Jamaica sees increase Russia tourists

KINGSTON – The Ministry of Tourism is reporting an increase in arrivals from Russia.

According to Senior Advisor and Strategist, Delano Seiveright, just under 3 000 Russian tourists visited the island between January and the end of June compared to roughly 630 for the same period in 2018.

“Much of this is attributable to new, regular nonstop flights between Moscow, Russia and Montego Bay by PegasTouristik/Nordwind, which commenced service on October 26 last year,” he noted.

Seiveright told the Jamaica Information Service, following a meeting with Russian and other European tourism stakeholders at the Jamaica Product Exchange trade show at the Montego Bay Convention Centre, earlier this week.

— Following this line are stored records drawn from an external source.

lemma bivariate_normal_eq_distr_sum_diff:
  assumes "0 < a" "0 < b" "a\<^sup>2 + b\<^sup>2 = 1"
  shows "density lborel (bivariate_normal_density (a\<^sup>2 - b\<^sup>2))
    = distr (gauss_pair a b) lborel (\<lambda>(u, v). (u + v, u - v))" (is "?L = ?R")
proof (rule measure_eqI)
  define T where "T z = (fst z + snd z, fst z - snd z)" for z :: "real \<times> real"
  have T_eq: "T = (\<lambda>(u, v). (u + v, u - v))"
    by (simp add: T_def fun_eq_iff)
  have T_measurable [measurable]: "T \<in> borel_measurable borel"
    unfolding T_def by (intro borel_measurable_continuous_onI continuous_intros)
  have "0 < (2 * a * b)\<^sup>2"
    using assms(1,2) by simp
  then have "(a\<^sup>2 - b\<^sup>2)\<^sup>2 < 1"
    using one_minus_diff_squares_sq[OF assms(3)] by linarith
  note [measurable] = borel_measurable_bivariate_normal_density[OF this]
  show "sets ?L = sets ?R"
    by simp
  fix A assume "A \<in> sets ?L"
  then have A [measurable]: "A \<in> sets borel" by simp
  have "emeasure ?L A = (\<integral>\<^sup>+z. ennreal (bivariate_normal_density (a\<^sup>2 - b\<^sup>2) z) * indicator A z \<partial>lborel)"
    by (rule emeasure_density) simp_all
  also have "\<dots> = 2 * (\<integral>\<^sup>+z. ennreal (bivariate_normal_density (a\<^sup>2 - b\<^sup>2) (T z)) * indicator A (T z) \<partial>lborel)"
    using nn_integral_lborel_sum_diff[of "\<lambda>z. ennreal (bivariate_normal_density (a\<^sup>2 - b\<^sup>2) z) * indicator A z"]
    by (simp add: T_def)
  also have "\<dots> = (\<integral>\<^sup>+z. ennreal (normal_density 0 a (fst z) * normal_density 0 b (snd z)) * indicator (T -` A) z \<partial>lborel)"
  proof -
    have "ennreal (normal_density 0 a (fst z) * normal_density 0 b (snd z)) = 2 * ennreal (bivariate_normal_density (a\<^sup>2 - b\<^sup>2) (T z))" for z
      using bivariate_normal_density_sum_diff[OF assms, of "fst z" "snd z"]
      by (metis T_def ennreal_mult' ennreal_numeral zero_le_numeral)
    then show ?thesis
      by (subst nn_integral_cmult[symmetric]) (auto simp: mult.assoc intro!: nn_integral_cong split: split_indicator)
  qed
  also have "\<dots> = emeasure (gauss_pair a b) (T -` A)"
  proof -
    have "(\<lambda>z. ennreal (normal_density 0 a (fst z) * normal_density 0 b (snd z))) \<in> borel_measurable borel"
      by (rule borel_measurable_real_pair) measurable
    moreover have "T -` A \<in> sets borel"
      using measurable_sets_borel[OF T_measurable A] .
    ultimately show ?thesis
      unfolding gauss_pair_eq_density[OF assms(2)] split_beta' by (subst emeasure_density) simp_all
  qed
  also have "\<dots> = emeasure ?R A"
    unfolding T_eq[symmetric]
    by (subst emeasure_distr) (auto simp: space_pair_measure measurable_cong_sets[OF sets_gauss_pair refl])
  finally show "emeasure ?L A = emeasure ?R A" .
qed

lemma f1_eq_rhombus_prob:
  assumes "0 < x" "x < 1"
  shows "f1 x K = rhombus_prob (sqrt (1 - x)) (sqrt x) K"
proof -
  define a b where "a = sqrt (1 - x)" and "b = sqrt x"
  have ab: "0 < a" "0 < b" "a\<^sup>2 + b\<^sup>2 = 1" and rho: "a\<^sup>2 - b\<^sup>2 = 1 - 2 * x"
    using assms by (simp_all add: a_def b_def)
  have T: "(\<lambda>(u, v). (u + v, u - v)) \<in> measurable (gauss_pair a b) lborel"
    by (simp add: measurable_cong_sets[OF sets_gauss_pair refl] split_beta' borel_measurable_continuous_onI continuous_intros)
  have "f1 x K = measure (distr (gauss_pair a b) lborel (\<lambda>(u, v). (u + v, u - v))) ({-K..K} \<times> {-K..K})"
    unfolding f1_def rho[symmetric] bivariate_normal_eq_distr_sum_diff[OF ab] ..
  also have "\<dots> = measure (gauss_pair a b) (sum_diff_box K)"
    using borel_closed[OF closed_Times[OF closed_atLeastAtMost closed_atLeastAtMost]]
    by (subst measure_distr[OF T]) (auto simp: space_pair_measure sum_diff_box_def intro!: arg_cong[where f="measure _"])
  also have "\<dots> = rhombus_prob a b K"
    using ab(1,2) by (rule measure_gauss_pair_sum_diff_box)
  finally show ?thesis by (simp add: a_def b_def)
qed

section \<open>Two solutions of the same disorder\<close>

lemma (in prob_space) prob_INT_indep_vars_identically_distributed:
  assumes "indep_vars (\<lambda>_. S) Y I" "finite I" "I \<noteq> {}"
    and "\<And>i. i \<in> I \<Longrightarrow> distr M S (Y i) = Q" "B \<in> sets S"
  shows "prob (\<Inter>i\<in>I. Y i -` B \<inter> space M) = measure Q B ^ card I"
proof -
  have "prob (\<Inter>i\<in>I. Y i -` B \<inter> space M) = (\<Prod>i\<in>I. prob (Y i -` B \<inter> space M))"
    using assms by (intro indep_varsD) auto
  also have "\<dots> = (\<Prod>i\<in>I. measure Q B)"
  proof (rule prod.cong[OF refl])
    fix i assume "i \<in> I"
    then have "Y i \<in> measurable M S"
      using assms(1) by (simp add: indep_vars_def)
    with assms(4)[OF \<open>i \<in> I\<close>] show "prob (Y i -` B \<inter> space M) = measure Q B"
      using measure_distr[OF _ assms(5)] by metis
  qed
  finally show ?thesis by simp
qed

lemma prob_space_disorder: "0 < N \<Longrightarrow> prob_space (disorder N M)"
  unfolding disorder_def by (intro prob_space_PiM prob_space_normal_density) simp

lemma borel_measurable_PiM_gauss_component:
  "p \<in> I \<Longrightarrow> (\<lambda>\<xi>. \<xi> p) \<in> borel_measurable (PiM I (\<lambda>_. gauss \<sigma>))"
  using measurable_component_singleton[of p I "\<lambda>_. gauss \<sigma>"] by simp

He noted that the Ministry has made a conscious effort to target the Eastern European market.

“There was a time when our marketing was restricted to just the United Kingdom (UK) and a few other countries in Western Europe. The Eastern bloc was basically ignored and appeared impossible and off limits,” he said.

He noted that in September of 2018, the Governments of Jamaica and Russia signed a reciprocal agreement to waive the visa requirement for travel to their respective countries, spending up to 90 days per year for tourism, cultural exchange or business purposes.

Minister of Foreign Affairs and Foreign Trade, Kamina Johnson Smith; and Minister of Foreign Affairs of the Russian Federation, Sergei Lavrov, signed the agreement on the margins of the 73rd session of the United Nations General Assembly in New York.

In the meantime, Chilean Tour Operator, Teo Perez, says Jamaica continues to be a prime destination for tourists from Latin American countries.

“We have been selling Jamaica for the past ten years and every day we see the numbers going up,” he noted.

“We have clients flying out from Santiago to Panama and then into Montego Bay daily, plus other flights going through Miami into Kingston. This trend is showing no signs of slowing down and Jamaica’s arrival figures will only continue to increase,” he said.